Syllabus for Analyzing Linguistic Data: LIN392

Course Information

Syllabus and Text

This page serves as the syllabus for this course.

Official course textbooks:

We will also make use of other readings, which will be made available on the course website.

Exams and Assignments

Assignments will be updated on the Assignments page. A tentative schedule for the entire semester is posted on the Schedule page. Readings and exercises may change up a week in advance of their due dates. There is an end-of-term project for the course, where students will be expected to choose a dataset that they intend to analyze.

Philosophy and Goal

Many research topics in linguistics require or can benefit from sophisticated statistical analysis of language datasets. This course will introduce fundamental concepts that will enable students to formulate quantitatively-oriented research questions and answer them with appropriate visualization, modeling and testing. Students are expected to learn these techniques, apply them to data sets provided in languageR and by us, and generalize them to a dataset of their own choice.

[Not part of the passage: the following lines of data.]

theorem proposition5p13:
  shows
    "(mprime Pfin sumset {0} {1} \<and> mcancellative Pfin sumset {1}
      \<and> (\<forall>x\<in>Fgen. \<exists>!k. x = setpow k {1})
      \<and> Pfin0 \<subseteq> Pfin \<and> {0} \<in> Pfin0 \<and> (\<forall>A\<in>Pfin0. \<forall>B\<in>Pfin0. sumset A B \<in> Pfin0)
      \<and> bij_betw (\<lambda>(x, B). sumset x B) (Fgen \<times> Pfin0) Pfin
      \<and> fully_elastic Pfin sumset {0})
   \<and> (card (UNIV :: 'v::finite set) \<ge> 2 \<longrightarrow>
        BF_monoid (nonzero_ideals :: ('v, 'a::idom) mpoly_ring set set) ideal_prod UNIV \<longrightarrow>
        (\<exists>\<phi> :: nat set \<Rightarrow> ('v, 'a) mpoly_ring set.
           inj_on \<phi> Pfin \<and> \<phi> ` Pfin \<subseteq> nonzero_ideals \<and> \<phi> {0} = UNIV \<and>
           (\<forall>A\<in>Pfin. \<forall>B\<in>Pfin. \<phi> (sumset A B) = ideal_prod (\<phi> A) (\<phi> B))))"
proof (intro conjI impI)
  show "mprime Pfin sumset {0} {1}" by (rule mprime_1)
  show "mcancellative Pfin sumset {1}" by (rule mcancellative_1)
  show "\<forall>x\<in>Fgen. \<exists>!k. x = setpow k {1}" unfolding Fgen_eq setpow_1 by auto
  show "Pfin0 \<subseteq> Pfin" "{0} \<in> Pfin0" "\<forall>A\<in>Pfin0. \<forall>B\<in>Pfin0. sumset A B \<in> Pfin0"
    by (auto simp: Pfin0_eq zero_in_sumset_iff intro: sumset_in_Pfin)
  show "bij_betw (\<lambda>(x, B). sumset x B) (Fgen \<times> Pfin0) Pfin" by (rule bij_betw_Fgen_times_Pfin0)
  show "fully_elastic Pfin sumset {0}" by (rule Pfin_fully_elastic)
  assume "card (UNIV :: 'v set) \<ge> 2"
  then obtain x y :: 'v where "x \<noteq> y"
    by (metis UNIV_I card_le_Suc0_iff_eq finite_UNIV not_less_eq_eq numeral_2_eq_2)
  then show "\<exists>\<phi> :: nat set \<Rightarrow> ('v, 'a) mpoly_ring set.
           inj_on \<phi> Pfin \<and> \<phi> ` Pfin \<subseteq> nonzero_ideals \<and> \<phi> {0} = UNIV \<and>
           (\<forall>A\<in>Pfin. \<forall>B\<in>Pfin. \<phi> (sumset A B) = ideal_prod (\<phi> A) (\<phi> B))"
    by (rule Pfin_embeds_into_nonzero_ideals)
qed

We use the R programming language, which allows much more flexible and customizable ways of performing such exploration and analysis, compared to statistical packages based on point-and-click interfaces (like SPSS). It also forms a strong basis for using more complex modeling techniques than are covered in this course—including writing one's one code to do so.

Content Overview

This course provides hands-on introduction to statistics for language, using the R programming language. Using data from existing linguistic studies, we will study the following topics:

  • data exploration through visualization
  • probability distributions
  • mean and standard deviation of a single dataset
  • comparing pairs of datasets and hypotheses:testing for statistical significance
  • regression modeling
  • clustering for data exploration

Course Requirements

  • Homeworks (12% each): 5 homeworks will be assigned during the course
  • Project proposal (5%)
  • Project progress report (5%)
  • Project presentation (5%)
  • Project final report (25%)